First we set the inserted node as z, and the z will be dyed red after insertion. If the parent node of z is black, it does not violate any nature and does not need to be adjusted. So we just need to discuss the case where the parent node of z is red. And then, in this case, only the nature of 4 is bound to be violated, and then we then press the parent node of Z is the left son of its grandfather node or the right son classification (these two situations are not essential differences, just a little bit different in coding), below we only discuss the parent node of Z is the left son of its grandfather node. We then set the tertiary node of z (that is, the sibling node of the z parent node) as Y. Under these conditions, we will discuss the following categories:
1) Condition 1:y color is red
At this point the grandfather node must be black (because the red-black tree was not violated before inserting the node). In this case, we can dianran the parent knot of z into Black, Z's tert-knot dianran into black, and Z's grandfather knot Dianran Red; After this, Z's grandfather node is definitely a legitimate red-black tree, but Z's grandfather node may violate the nature of 4, which is equivalent to the ascent of z in the tree by two layers (z=z-> P->P). In this case, if the parent node of the new z is black, it exits the loop (if the new z is the root node it must exit, the root nodes may be dyed red, so the root node needs to be dyed black after exiting the loop).
This situation is as follows:
2): The color of y is black
In the case where Y's color is black, we classify the left child or right child by Z as the parent node.
(1). Z is the left child of its parent node
At this point we can dianran the parent knot of z into Black, Z's grandfather Knot Dianran Red, and then the grandfather node of Z has a right-spin recovery of 4, and does not violate the other nature (for this we can clearly see if we draw one ourselves).
(2). Z is the right child of its parent node
This is obviously done by pointing Z to the parent node of Z and then turning the z one at a time to the case (1).
These two situations are as follows: where the picture on the case two corresponds to our here (2), the situation three is for us here (1)
In general, as long as Y is black, we can exit the loop; The two cases above are just small transformations of the internal structure.
In fact, the red and black tree insert operation is mainly in violation of the nature of 4, the process of adjusting the function is divided into two types of conditions on the nature of 4 to adjust the process, is not very complex. The above gives the case that the parent node of Z is the left son of his grandfather, in fact the situation of the right son is basically the same (see Code for details).

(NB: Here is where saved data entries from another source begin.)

lemma max_abs_res_state_0_le:
  assumes "0 < m" and "0 < K" and "\<bar>lam\<bar> \<le> L"
  shows "max_abs (res_state h m K lam 0) \<le> hb_growth h m K L"
proof -
  have "\<bar>h 0 / (1 + m) * lam\<bar> = \<bar>h 0 * lam\<bar> / (1 + m)"
    using assms(1) by (simp add: abs_mult)
  also have "\<dots> \<le> \<bar>h 0 * lam\<bar>"
    using assms(1) by (intro mult_imp_div_pos_le) (auto simp: mult_le_cancel_left1)
  also have "\<dots> \<le> (\<Sum>i<K. \<bar>h i\<bar>) * L" using assms by (intro abs_step_size_le)
  finally have "\<bar>1 - h 0 / (1 + m) * lam\<bar> \<le> 1 + (\<Sum>i<K. \<bar>h i\<bar>) * L"
    using abs_triangle_ineq4[of 1 "h 0 / (1 + m) * lam"] by simp
  moreover have "0 \<le> (\<Sum>i<K. \<bar>h i\<bar>) * L"
    using assms by (simp add: sum_nonneg)
  ultimately show ?thesis
    using assms(1) by (simp add: res_state_def hb_growth_def algebra_simps)
qed

lemma max_abs_nonneg: "0 \<le> max_abs w"
  by (cases w) simp

lemma abs_fst_le_max_abs: "\<bar>fst w\<bar> \<le> max_abs w"
  and abs_snd_le_max_abs: "\<bar>snd w\<bar> \<le> max_abs w"
  by (cases w; simp)+

lemma max_abs_res_state_cycles_le:
  assumes "0 < m" and "0 < K" and "\<bar>lam\<bar> \<le> L" and "\<bar>link_sigma h m K lam\<bar> \<le> 1"
  defines "R \<equiv> hb_growth h m K L" and "r \<equiv> sqrt m ^ K"
  shows "max_abs (res_state h m K lam (n * K)) \<le> (real n + 1) * (R + R ^ Suc K / r) * r ^ n"
proof -
  have "0 < r" using assms by (simp add: r_def)
  have "m ^ K = r\<^sup>2" using assms by (simp add: r_def sqrt_power_square)
  have "0 \<le> L" using assms(3) by linarith
  then have "0 \<le> R" using assms(1) hb_growth_ge_1[of m L h K] by (simp add: R_def)
  have state_0: "max_abs (res_state h m K lam 0) \<le> R"
    using max_abs_res_state_0_le[OF assms(1-3)] by (simp add: R_def)
  have "max_abs (res_state h m K lam (0 + K)) \<le> R ^ K * max_abs (res_state h m K lam 0)"
    unfolding R_def by (rule max_abs_res_state_add_le[OF assms(1-3)])
  also have "\<dots> \<le> R ^ K * R" using state_0 \<open>0 \<le> R\<close> by (simp add: mult_left_mono)
  finally have state_K: "max_abs (res_state h m K lam K) \<le> R ^ Suc K" by (simp add: mult.commute)
  have component: "\<bar>g (res_state h m K lam (n * K))\<bar> \<le> (real n + 1) * (R + R ^ Suc K / r) * r ^ n"
    if g: "\<And>w. \<bar>g w\<bar> \<le> max_abs w" and rec: "\<And>k. g (res_state h m K lam ((k + 2) * K)) =
        2 * r * link_sigma h m K lam * g (res_state h m K lam ((k + 1) * K)) - r\<^sup>2 * g (res_state h m K lam (k * K))"
    for g
  proof -
    define F where "F k = g (res_state h m K lam (k * K))" for k
    have "\<bar>F n\<bar> \<le> (real n + 1) * (\<bar>F 0\<bar> + \<bar>F 1\<bar> / r) * r ^ n"
      using \<open>0 < r\<close> rec assms(4) unfolding F_def by (rule scaled_chebyshev_linear_growth)
    also have "\<dots> \<le> (real n + 1) * (R + R ^ Suc K / r) * r ^ n"
    proof -
      have "\<bar>F 0\<bar> \<le> R" "\<bar>F 1\<bar> \<le> R ^ Suc K"
        using order_trans[OF g state_0] order_trans[OF g state_K] by (simp_all add: F_def)
      then have "\<bar>F 0\<bar> + \<bar>F 1\<bar> / r \<le> R + R ^ Suc K / r"
        using \<open>0 < r\<close> by (intro add_mono divide_right_mono) auto
      then show ?thesis using \<open>0 < r\<close> by (intro mult_right_mono mult_left_mono) auto
    qed
    finally show ?thesis by (simp add: F_def)
  qed
  have "\<bar>fst (res_state h m K lam (n * K))\<bar> \<le> (real n + 1) * (R + R ^ Suc K / r) * r ^ n"
    using res_state_recurrence[OF \<open>0 < m\<close>, of h K lam] \<open>m ^ K = r\<^sup>2\<close>
    by (intro component abs_fst_le_max_abs) (simp add: r_def)
  moreover have "\<bar>snd (res_state h m K lam (n * K))\<bar> \<le> (real n + 1) * (R + R ^ Suc K / r) * r ^ n"
    using res_state_recurrence[OF \<open>0 < m\<close>, of h K lam] \<open>m ^ K = r\<^sup>2\<close>
    by (intro component abs_snd_le_max_abs) (simp add: r_def)
  ultimately show ?thesis by (cases "res_state h m K lam (n * K)") simp
qed

lemma abs_res_poly_le_uniform:
  assumes "0 < m" and "m < 1" and "1 \<le> K" and L: "\<forall>l\<in>Lam. \<bar>l\<bar> \<le> L"
    and sigma: "\<forall>l\<in>Lam. \<bar>link_sigma h m K l\<bar> \<le> 1"
  shows "\<exists>C>0. \<forall>t. \<forall>l\<in>Lam. \<bar>poly (res_poly h m K t) l\<bar> \<le> C * (real t + 1) * sqrt m ^ t"
proof (cases "Lam = {}")
  case True
  then show ?thesis by (intro exI[of _ 1]) simp
next
  case False
  then have "0 \<le> L" using L by force
  define R where "R = hb_growth h m K L"
  define r where "r = sqrt m ^ K"
  define C where "C = R ^ K * (R + R ^ Suc K / r) / r"
  have "1 \<le> R" using \<open>0 < m\<close> \<open>0 \<le> L\<close> by (simp add: R_def hb_growth_ge_1)
  have "0 < r" "r \<le> 1" using assms by (simp_all add: r_def power_le_one)
  then have "0 < C"
    using \<open>1 \<le> R\<close> unfolding C_def by (intro divide_pos_pos mult_pos_pos add_pos_pos) auto
  moreover have "\<bar>poly (res_poly h m K t) l\<bar> \<le> C * (real t + 1) * sqrt m ^ t" if "l \<in> Lam" for t l
  proof -
    define n where "n = t div K"
    define j where "j = t mod K"
    have t: "t = n * K + j" and "j < K" using assms by (simp_all add: n_def j_def)
    have "\<bar>poly (res_poly h m K t) l\<bar> \<le> max_abs (res_state h m K l t)"
      by (simp add: res_state_def)
    also have "\<dots> \<le> R ^ j * max_abs (res_state h m K l (n * K))"
      unfolding t R_def using assms L that by (intro max_abs_res_state_add_le) auto
    also have "\<dots> \<le> R ^ K * ((real n + 1) * (R + R ^ Suc K / r) * r ^ n)"
    proof (rule mult_mono)
      show "R ^ j \<le> R ^ K" using \<open>1 \<le> R\<close> \<open>j < K\<close> by (intro power_increasing) auto
      show "max_abs (res_state h m K l (n * K)) \<le> (real n + 1) * (R + R ^ Suc K / r) * r ^ n"
        unfolding R_def r_def using assms L sigma that by (intro max_abs_res_state_cycles_le) auto
    qed (use \<open>1 \<le> R\<close> max_abs_nonneg in auto)
    also have "\<dots> \<le> R ^ K * ((real t + 1) * (R + R ^ Suc K / r) * (sqrt m ^ t / r))"
    proof -
      have "sqrt m ^ t = r ^ n * sqrt m ^ j"
        by (simp add: t r_def power_add power_mult mult.commute)
      moreover have "r \<le> sqrt m ^ j"
        unfolding r_def using assms \<open>j < K\<close> by (intro power_decreasing) auto
      ultimately have "r ^ n \<le> sqrt m ^ t / r"
        using \<open>0 < r\<close> by (simp add: pos_le_divide_eq mult_left_mono)
      moreover have "real n + 1 \<le> real t + 1" using div_le_dividend[of t K] by (simp add: n_def)
      ultimately show ?thesis
        using \<open>0 < r\<close> \<open>1 \<le> R\<close> by (intro mult_left_mono mult_mono) auto
    qed
    also have "\<dots> = C * (real t + 1) * sqrt m ^ t" by (simp add: C_def)
    finally show ?thesis .
  qed
  ultimately show ?thesis by blast
qed

lemma abs_res_poly_eventually_ge:
  assumes "0 < m" and "\<bar>link_sigma h m K l\<bar> = 1"
  shows "\<exists>N. \<forall>n\<ge>N. sqrt m ^ (n * K) \<le> \<bar>poly (res_poly h m K (n * K)) l\<bar>"
proof -
  define r where "r = sqrt m ^ K"
  have "0 < r" using assms by (simp add: r_def)
  have "m ^ K = r\<^sup>2" using assms by (simp add: r_def sqrt_power_square)
  then have "\<exists>N. \<forall>n\<ge>N. \<bar>poly (res_poly h m K (0 * K)) l\<bar> * r ^ n \<le> \<bar>poly (res_poly h m K (n * K)) l\<bar>"
    using res_poly_recurrence[OF assms(1), of h K _ l]
    by (intro scaled_chebyshev_eventually_ge[OF \<open>0 < r\<close> _ assms(2)]) (simp add: r_def)
  then show ?thesis by (simp add: r_def mult.commute flip: power_mult)
qed

lemma worst_rate_le_uniform:
  assumes L: "\<forall>l\<in>Lam. \<bar>l\<bar> \<le> L" and "Lam \<noteq> {}" and "0 < m" and "m < 1" and "1 \<le> K"
    and sigma: "\<forall>l\<in>Lam. \<bar>link_sigma h m K l\<bar> \<le> 1"
  shows "\<exists>C>0. \<forall>t. 0 \<le> worst_rate Lam h m K t \<and> worst_rate Lam h m K t \<le> C * (real t + 1) * sqrt m ^ t"
proof -
  obtain C where "0 < C" and C: "\<forall>t. \<forall>l\<in>Lam. \<bar>poly (res_poly h m K t) l\<bar> \<le> C * (real t + 1) * sqrt m ^ t"
    using abs_res_poly_le_uniform[OF assms(3-5) L sigma] by blast
  obtain l where "l \<in> Lam" using assms(2) by blast
  have "0 \<le> worst_rate Lam h m K t" for t
    using abs_res_poly_le_worst_rate[OF \<open>l \<in> Lam\<close>] C by (meson abs_ge_zero order_trans)
  moreover have "worst_rate Lam h m K t \<le> C * (real t + 1) * sqrt m ^ t" for t
    using worst_rate_le[OF assms(2)] C by blast
  ultimately show ?thesis using \<open>0 < C\<close> by blast
qed

lemma worst_rate_bigo:
  assumes "\<forall>l\<in>Lam. \<bar>l\<bar> \<le> L" and "Lam \<noteq> {}" and "0 < m" and "m < 1" and "1 \<le> K"
    and "\<forall>l\<in>Lam. \<bar>link_sigma h m K l\<bar> \<le> 1"
  shows "(\<lambda>t. worst_rate Lam h m K t) \<in> O(\<lambda>t. real t * sqrt m ^ t)"
proof -
  obtain C where "0 < C" and nonneg: "\<And>t. 0 \<le> worst_rate Lam h m K t"
    and bound: "\<And>t. worst_rate Lam h m K t \<le> C * (real t + 1) * sqrt m ^ t"
    using worst_rate_le_uniform[OF assms] by blast
  have "norm (worst_rate Lam h m K t) \<le> (2 * C) * norm (real t * sqrt m ^ t)" if "1 \<le> t" for t
  proof -
    have "worst_rate Lam h m K t \<le> C * (real t + 1) * sqrt m ^ t" by (rule bound)
    also have "\<dots> \<le> C * (2 * real t) * sqrt m ^ t"
      using that \<open>0 < C\<close> \<open>0 < m\<close> by (intro mult_right_mono mult_left_mono) auto
    finally show ?thesis using nonneg[of t] \<open>0 < m\<close> by (simp add: abs_mult)
  qed
  then show ?thesis by (intro bigoI[of _ "2 * C"]) (auto simp: eventually_sequentially)
qed

lemma asymp_rate_le:
  assumes "\<forall>l\<in>Lam. \<bar>l\<bar> \<le> L" and "Lam \<noteq> {}" and "0 < m" and "m < 1" and "1 \<le> K"
    and "\<forall>l\<in>Lam. \<bar>link_sigma h m K l\<bar> \<le> 1"
  shows "asymp_rate Lam h m K \<le> ereal (sqrt m)"
proof -
  obtain C where "0 < C" and nonneg: "\<And>t. 0 \<le> worst_rate Lam h m K t"
    and bound: "\<And>t. worst_rate Lam h m K t \<le> C * (real t + 1) * sqrt m ^ t"
    using worst_rate_le_uniform[OF assms] by blast
  define g where "g t = (C * (real t + 1)) powr (1 / real t) * sqrt m" for t :: nat
  have "(\<lambda>t::nat. (C * (real t + 1)) powr (1 / real t)) \<longlonglongrightarrow> 1"
    using \<open>0 < C\<close> by real_asymp
  then have "g \<longlonglongrightarrow> 1 * sqrt m" unfolding g_def by (intro tendsto_mult tendsto_const)
  then have "limsup (\<lambda>t. ereal (g t)) = ereal (sqrt m)"
    by (intro lim_imp_Limsup) (auto intro: tendsto_ereal)
  moreover have "\<forall>\<^sub>F t in sequentially. ereal (worst_rate Lam h m K t powr (1 / real t)) \<le> ereal (g t)"
    unfolding eventually_sequentially
  proof (intro exI allI impI)
    fix t :: nat assume "1 \<le> t"
    have "worst_rate Lam h m K t powr (1 / real t) \<le> (C * (real t + 1) * sqrt m ^ t) powr (1 / real t)"
      using bound nonneg by (intro powr_mono2) auto
    also have "\<dots> = (C * (real t + 1)) powr (1 / real t) * (sqrt m ^ t) powr (1 / real t)"
      using \<open>0 < C\<close> by (simp add: powr_mult)
    also have "(sqrt m ^ t) powr (1 / real t) = sqrt m"
      using \<open>1 \<le> t\<close> \<open>0 < m\<close> by (simp add: powr_realpow[symmetric] powr_powr)
    finally show "ereal (worst_rate Lam h m K t powr (1 / real t)) \<le> ereal (g t)" by (simp add: g_def)
  qed
  then have "asymp_rate Lam h m K \<le> limsup (\<lambda>t. ereal (g t))"
    unfolding asymp_rate_def by (rule Limsup_mono)
  ultimately show ?thesis by simp
qed

lemma asymp_rate_ge:
  assumes L: "\<forall>l\<in>Lam. \<bar>l\<bar> \<le> L" and "0 < m" and "m < 1" and "1 \<le> K"
    and sigma: "\<forall>l\<in>Lam. \<bar>link_sigma h m K l\<bar> \<le> 1"
    and "l \<in> Lam" and "\<bar>link_sigma h m K l\<bar> = 1"
  shows "ereal (sqrt m) \<le> asymp_rate Lam h m K"
proof -
  obtain C where C: "\<forall>t. \<forall>l\<in>Lam. \<bar>poly (res_poly h m K t) l\<bar> \<le> C * (real t + 1) * sqrt m ^ t"
    using abs_res_poly_le_uniform[OF assms(2-4) L sigma] by blast
  obtain N where N: "\<forall>n\<ge>N. sqrt m ^ (n * K) \<le> \<bar>poly (res_poly h m K (n * K)) l\<bar>"
    using abs_res_poly_eventually_ge[OF assms(2,7)] by blast
  define f where "f = (\<lambda>t. ereal (worst_rate Lam h m K t powr (1 / real t)))"
  define r where "r n = (n + N + 1) * K" for n
  have "strict_mono r" unfolding r_def using assms by (intro strict_monoI) simp
  have "ereal (sqrt m) \<le> (f \<circ> r) n" for n
  proof -
    have "sqrt m ^ r n \<le> \<bar>poly (res_poly h m K (r n)) l\<bar>"
      using N[rule_format, of "n + N + 1"] unfolding r_def by simp
    also have "\<dots> \<le> worst_rate Lam h m K (r n)"
      by (rule abs_res_poly_le_worst_rate[OF \<open>l \<in> Lam\<close>]) (use C in blast)
    finally have "(sqrt m ^ r n) powr (1 / real (r n)) \<le> worst_rate Lam h m K (r n) powr (1 / real (r n))"
      using assms by (intro powr_mono2) auto
    moreover have "0 < r n" using assms by (simp add: r_def)
    then have "(sqrt m ^ r n) powr (1 / real (r n)) = sqrt m"
      using assms by (simp add: powr_realpow[symmetric] powr_powr)
    ultimately show ?thesis by (simp add: f_def)
  qed
  then have "ereal (sqrt m) \<le> limsup (f \<circ> r)"
    by (intro le_Limsup always_eventually allI) simp_all
  also have "\<dots> \<le> limsup f" by (rule limsup_subseq_mono[OF \<open>strict_mono r\<close>])
  finally show ?thesis by (simp add: asymp_rate_def f_def)
qed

Another puzzling point is that the red-black tree's code is heavily used in the form of z->p->p, but does this really cause null pointer exceptions? In this paper, the introduction of this algorithm is more detailed argumentation. Here I would like to briefly say my opinion: first, when inserting the root node, is not into the loop, so do not reference z->p->p. Then, after inserting the root node, the grandparent nodes of each node outside the root node are always there, so the first reference does not go wrong. The problem can only occur if z is moved up in the tree (corresponding to case 1) and may move up to a location where the parent node does not have a parent node, which leads to the danger of null pointers, but we should note that this position is only possible with root nodes, and if z moves to the root node, Then it will exit the loop because the parent node of the root is black! There is no longer a reference to this form of z->p->p. So there's no need to worry about a null pointer exception to the Z->P->P reference.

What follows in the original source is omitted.